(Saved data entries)
(* For $\lambda>0$ let $\zeta_\lambda(z)=\lambda\frac{z}{z+1}e^{-z}$, and consider its restriction $\zeta_\lambda(x)$ to real $x\neq -1$. Let $\lambda^{*}=(\sqrt{2}+1)e^{\sqrt{2}}$. Then: (i) If $0<\lambda<1$, then $\zeta_\lambda$ has a unique nonzero real fixed point $r_\lambda$, it lies in $(-1,0)$ and is repelling, and the fixed point $0$ is attracting. (ii) If $\lambda=1$, then the fixed point $0$ is rationally indifferent. (iii) If $1<\lambda<\lambda^{*}$, then $\zeta_\lambda$ has a unique nonzero real fixed point $a_\lambda$, it lies in $(0,\sqrt{2})$ and is attracting, and the fixed point $0$ is repelling. (iv) If $\lambda=\lambda^{*}$, then $\sqrt{2}$ is a rationally indifferent fixed point and the fixed point $0$ is repelling. (v) If $\lambda>\lambda^{*}$, then the fixed point $0$ is repelling.
   Context: A fixed point $x_f$ of $\zeta_\lambda$ is called attracting if $|\zeta_\lambda'(x_f)|<1$, repelling if $|\zeta_\lambda'(x_f)|>1$, and rationally indifferent if $\zeta_\lambda'(x_f)$ is a root of unity (here, $|\zeta_\lambda'(x_f)|=1$ with real multiplier). *)

theory Defs
  imports "HOL-Analysis.Analysis"
begin

definition zeta :: "real \<Rightarrow> real \<Rightarrow> real" where
  "zeta lam x = lam * (x / (x + 1)) * exp (- x)"

definition is_fixed_point :: "(real \<Rightarrow> real) \<Rightarrow> real \<Rightarrow> bool" where
  "is_fixed_point f x \<longleftrightarrow> f x = x"

definition attracting :: "(real \<Rightarrow> real) \<Rightarrow> real \<Rightarrow> bool" where
  "attracting f x \<longleftrightarrow> is_fixed_point f x \<and> \<bar>deriv f x\<bar> < 1"

definition repelling :: "(real \<Rightarrow> real) \<Rightarrow> real \<Rightarrow> bool" where
  "repelling f x \<longleftrightarrow> is_fixed_point f x \<and> \<bar>deriv f x\<bar> > 1"

definition rationally_indifferent :: "(real \<Rightarrow> real) \<Rightarrow> real \<Rightarrow> bool" where
  "rationally_indifferent f x \<longleftrightarrow> is_fixed_point f x \<and> (\<exists>n::nat. n > 0 \<and> deriv f x ^ n = 1)"

definition lambda_star :: real where
  "lambda_star = (sqrt 2 + 1) * exp (sqrt 2)"

end

theory Submission
  imports Defs
begin

text \<open>A nonzero fixed point x of \<open>zeta lam\<close> satisfies \<open>lam * exp (-x) = x + 1\<close>, i.e. it is a
solution of \<open>(x + 1) * exp x = lam\<close>. The left-hand side is
negative left of -1 and strictly increasing on \<open>[-1, \<infinity>)\<close> with values 0, 1 and \<open>lambda_star\<close>
at -1, 0 and \<open>sqrt 2\<close>; so for \<open>0 < lam < 1\<close> and \<open>1 < lam < lambda_star\<close> there is exactly one
nonzero fixed point, in \<open>(-1, 0)\<close> resp. \<open>(0, sqrt 2)\<close>. At such a fixed point the multiplier
simplifies to \<open>1/(x + 1) - x\<close>, which is \<open>> 1\<close> on \<open>(-1, 0)\<close>, lies in \<open>(-1, 1)\<close> on
\<open>(0, sqrt 2)\<close>, and equals -1 at \<open>sqrt 2\<close>. The multiplier at 0 is \<open>lam\<close> itself.\<close>

definition fixed_level :: "real \<Rightarrow> real" where
  "fixed_level x = (x + 1) * exp x"

lemma zeta_fixed_point_iff_fixed_level:
  assumes "x \<noteq> 0" "x \<noteq> -1"
  shows "zeta lam x = x \<longleftrightarrow> fixed_level x = lam"
proof -
  have "zeta lam x = x \<longleftrightarrow> x * (lam * exp (-x)) = x * (x + 1)"
    unfolding zeta_def using assms by (auto simp: field_simps)
  also have "\<dots> \<longleftrightarrow> lam * exp (-x) = x + 1"
    using assms(1) by simp
  also have "\<dots> \<longleftrightarrow> fixed_level x = lam"
    unfolding fixed_level_def by (auto simp: exp_minus field_simps)
  finally show ?thesis .
qed

lemma fixed_level_nonpos: "x \<le> -1 \<Longrightarrow> fixed_level x \<le> 0"
  unfolding fixed_level_def by (simp add: mult_nonpos_nonneg)

lemma fixed_level_strict_mono_on: "strict_mono_on {-1..} fixed_level"
proof (rule strict_mono_onI)
  fix a b :: real
  assume "a \<in> {-1..}" "a < b"
  then show "fixed_level a < fixed_level b"
    unfolding fixed_level_def
    by (cases "a = -1") (auto intro!: mult_strict_mono)
qed

lemma fixed_level_values:
  "fixed_level (-1) = 0" "fixed_level 0 = 1" "fixed_level (sqrt 2) = lambda_star"
  unfolding fixed_level_def lambda_star_def by (simp_all add: add.commute)

lemma zeta_nonzero_fixed_points:
  assumes "-1 \<le> a" "fixed_level a < lam" "lam < fixed_level b" "lam \<noteq> 1"
  shows "(\<exists>!x. x \<noteq> 0 \<and> x \<noteq> -1 \<and> zeta lam x = x)"
    and "\<forall>x. x \<noteq> 0 \<and> x \<noteq> -1 \<and> zeta lam x = x \<longrightarrow> x \<in> {a<..<b}"
proof -
  have mono: "fixed_level x < fixed_level y \<longleftrightarrow> x < y" if "-1 \<le> x" "-1 \<le> y" for x y
    using fixed_level_strict_mono_on that by (simp add: strict_mono_on_less)
  have "lam > 0"
    using assms fixed_level_nonpos[of a] mono[of "-1" a] fixed_level_values(1)
    by (cases "a = -1") auto
  have "-1 < b"
    using fixed_level_nonpos[of b] assms \<open>lam > 0\<close> by force
  have in_interval: "x \<in> {a<..<b}"
    if "x \<noteq> 0" "x \<noteq> -1" "zeta lam x = x" for x
  proof -
    have level: "fixed_level x = lam"
      using that zeta_fixed_point_iff_fixed_level by blast
    then have "-1 < x"
      using fixed_level_nonpos[of x] \<open>lam > 0\<close> by force
    then have "a < x" "x < b"
      using mono[of a x] mono[of x b] assms level \<open>-1 < b\<close> by auto
    then show ?thesis
      by simp
  qed
  then show "\<forall>x. x \<noteq> 0 \<and> x \<noteq> -1 \<and> zeta lam x = x \<longrightarrow> x \<in> {a<..<b}"
    by blast
  have "a \<le> b"
    using mono[of a b] assms \<open>-1 < b\<close> by auto
  moreover have "continuous_on {a..b} fixed_level"
    unfolding fixed_level_def by (intro continuous_intros)
  ultimately obtain x where x: "a \<le> x" "x \<le> b" "fixed_level x = lam"
    using IVT'[of fixed_level a lam b] assms by auto
  have "x \<noteq> 0" "x \<noteq> -1"
    using x assms fixed_level_values(1,2) by auto
  then have "x \<noteq> 0 \<and> x \<noteq> -1 \<and> zeta lam x = x"
    using x zeta_fixed_point_iff_fixed_level by blast
  moreover have "y = x" if "y \<noteq> 0 \<and> y \<noteq> -1 \<and> zeta lam y = y" for y
  proof -
    have "fixed_level y = fixed_level x" "-1 \<le> y"
      using that in_interval[of y] assms x zeta_fixed_point_iff_fixed_level by auto
    then show ?thesis
      using strict_mono_on_imp_inj_on[OF fixed_level_strict_mono_on] x assms
      by (auto dest: inj_onD)
  qed
  ultimately show "\<exists>!x. x \<noteq> 0 \<and> x \<noteq> -1 \<and> zeta lam x = x"
    by blast
qed

lemma deriv_zeta:
  assumes "x \<noteq> -1"
  shows "deriv (zeta lam) x = lam * exp (-x) * (1 / (x + 1)^2 - x / (x + 1))"
proof -
  have "x + 1 \<noteq> 0"
    using assms by simp
  then have "((\<lambda>x. lam * (x / (x + 1)) * exp (- x)) has_real_derivative
      lam * exp (-x) * (1 / (x + 1)^2 - x / (x + 1))) (at x)"
    by (auto intro!: derivative_eq_intros simp: add_eq_0_iff) (simp add: divide_simps; algebra)
  then show ?thesis
    unfolding zeta_def[abs_def] by (rule DERIV_imp_deriv)
qed

lemma zeta_fixed_point_zero: "is_fixed_point (zeta lam) 0"
  unfolding is_fixed_point_def zeta_def by simp

lemma deriv_zeta_zero: "deriv (zeta lam) 0 = lam"
  using deriv_zeta[of 0 lam] by simp

lemma deriv_zeta_at_fixed_point:
  assumes "x \<noteq> 0" "x \<noteq> -1" "zeta lam x = x"
  shows "deriv (zeta lam) x = 1 / (x + 1) - x"
proof -
  have "lam * exp (-x) = x + 1"
    using assms zeta_fixed_point_iff_fixed_level[of x lam]
    unfolding fixed_level_def by (simp add: exp_minus field_simps)
  moreover have "x + 1 \<noteq> 0"
    using assms by simp
  ultimately show ?thesis
    using deriv_zeta[OF assms(2), of lam] by (simp add: power2_eq_square right_diff_distrib)
qed

lemma repelling_zeta_negative_fixed_point:
  assumes "x \<in> {-1<..<0}" "zeta lam x = x"
  shows "repelling (zeta lam) x"
proof -
  define t where "t = x + 1"
  have t: "0 < t" "t < 1"
    using assms t_def by auto
  have "deriv (zeta lam) x = 1 / t + 1 - t"
    using deriv_zeta_at_fixed_point[of x lam] assms t_def by simp
  moreover have "t < 1 / t"
  proof -
    have "t * t < 1 * 1"
      using t by (intro mult_strict_mono) auto
    then show ?thesis
      using t by (simp add: field_simps)
  qed
  ultimately show ?thesis
    unfolding repelling_def is_fixed_point_def using assms(2) by simp
qed

lemma attracting_zeta_positive_fixed_point:
  assumes "x \<in> {0<..<sqrt 2}" "zeta lam x = x"
  shows "attracting (zeta lam) x"
proof -
  have "0 < x" "x < sqrt 2"
    using assms by auto
  then have "x * x < sqrt 2 * sqrt 2"
    by (intro mult_strict_mono) auto
  then have "(x - 1) * (x + 1) < 1"
    by (simp add: algebra_simps)
  then have "x - 1 < 1 / (x + 1)"
    using \<open>0 < x\<close> by (simp add: field_simps)
  moreover have "1 / (x + 1) < 1"
    using \<open>0 < x\<close> by simp
  moreover have "deriv (zeta lam) x = 1 / (x + 1) - x"
    using deriv_zeta_at_fixed_point[of x lam] assms \<open>0 < x\<close> by simp
  ultimately have "\<bar>deriv (zeta lam) x\<bar> < 1"
    using \<open>0 < x\<close> unfolding abs_less_iff by linarith
  then show ?thesis
    unfolding attracting_def is_fixed_point_def using assms(2) by simp
qed

lemma zeta_lambda_star_sqrt2:
  "zeta lambda_star (sqrt 2) = sqrt 2" "deriv (zeta lambda_star) (sqrt 2) = -1"
proof -
  have s: "sqrt 2 \<noteq> 0" "sqrt 2 \<noteq> (-1::real)"
    using real_sqrt_ge_zero[of 2] by (simp, linarith)
  then show fixed: "zeta lambda_star (sqrt 2) = sqrt 2"
    using zeta_fixed_point_iff_fixed_level fixed_level_values(3) by blast
  have "1 / (sqrt 2 + 1) = sqrt 2 - (1::real)"
    using s(2) by (simp add: field_simps add_eq_0_iff)
  then show "deriv (zeta lambda_star) (sqrt 2) = -1"
    using deriv_zeta_at_fixed_point[OF s fixed] by simp
qed

lemma lambda_star_gt_1: "lambda_star > 1"
  unfolding lambda_star_def by (rule less_1_mult) auto

lemma zeta_zero_classification:
  "lam < 1 \<Longrightarrow> 0 < lam \<Longrightarrow> attracting (zeta lam) 0"
  "lam > 1 \<Longrightarrow> repelling (zeta lam) 0"
  "lam = 1 \<Longrightarrow> rationally_indifferent (zeta lam) 0"
  unfolding attracting_def repelling_def rationally_indifferent_def
  using zeta_fixed_point_zero deriv_zeta_zero by auto

theorem theorem3:
  fixes lam :: real
  assumes "lam > 0"
  shows "(lam < 1 \<longrightarrow>
            (\<exists>!r. r \<noteq> 0 \<and> r \<noteq> -1 \<and> zeta lam r = r)
          \<and> (\<forall>r. r \<noteq> 0 \<and> r \<noteq> -1 \<and> zeta lam r = r \<longrightarrow>
                 r \<in> {-1<..<0} \<and> repelling (zeta lam) r)
          \<and> attracting (zeta lam) 0)
       \<and> (lam = 1 \<longrightarrow> rationally_indifferent (zeta lam) 0)
       \<and> (1 < lam \<and> lam < lambda_star \<longrightarrow>
            (\<exists>!a. a \<noteq> 0 \<and> a \<noteq> -1 \<and> zeta lam a = a)
          \<and> (\<forall>a. a \<noteq> 0 \<and> a \<noteq> -1 \<and> zeta lam a = a \<longrightarrow>
                 a \<in> {0<..<sqrt 2} \<and> attracting (zeta lam) a)
          \<and> repelling (zeta lam) 0)
       \<and> (lam = lambda_star \<longrightarrow>
            rationally_indifferent (zeta lam) (sqrt 2) \<and> repelling (zeta lam) 0)
       \<and> (lam > lambda_star \<longrightarrow> repelling (zeta lam) 0)"
proof (intro conjI impI)
  assume "lam < 1"
  then have bounds: "fixed_level (-1) < lam" "lam < fixed_level 0" "lam \<noteq> 1"
    using assms fixed_level_values by auto
  show "\<exists>!r. r \<noteq> 0 \<and> r \<noteq> -1 \<and> zeta lam r = r"
    by (rule zeta_nonzero_fixed_points(1)[OF _ bounds]) simp
  show "\<forall>r. r \<noteq> 0 \<and> r \<noteq> -1 \<and> zeta lam r = r \<longrightarrow> r \<in> {-1<..<0} \<and> repelling (zeta lam) r"
    using zeta_nonzero_fixed_points(2)[OF _ bounds] repelling_zeta_negative_fixed_point by simp
  show "attracting (zeta lam) 0"
    using zeta_zero_classification(1) \<open>lam < 1\<close> assms .
next
  assume "1 < lam \<and> lam < lambda_star"
  then have bounds: "fixed_level 0 < lam" "lam < fixed_level (sqrt 2)" "lam \<noteq> 1"
    using fixed_level_values by auto
  show "\<exists>!a. a \<noteq> 0 \<and> a \<noteq> -1 \<and> zeta lam a = a"
    by (rule zeta_nonzero_fixed_points(1)[OF _ bounds]) simp
  show "\<forall>a. a \<noteq> 0 \<and> a \<noteq> -1 \<and> zeta lam a = a \<longrightarrow> a \<in> {0<..<sqrt 2} \<and> attracting (zeta lam) a"
    using zeta_nonzero_fixed_points(2)[OF _ bounds] attracting_zeta_positive_fixed_point by simp
next
  assume "lam = lambda_star"
  then show "rationally_indifferent (zeta lam) (sqrt 2)"
    unfolding rationally_indifferent_def is_fixed_point_def
    using zeta_lambda_star_sqrt2 by (intro conjI exI[of _ 2]) auto
qed (use zeta_zero_classification(2,3) lambda_star_gt_1 in simp_all)

end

-- EXERCISE AIM --
Go through the lines above and tally those with the string "lies". The total is all that is needed.

-- COMPLETED EXERCISE --
2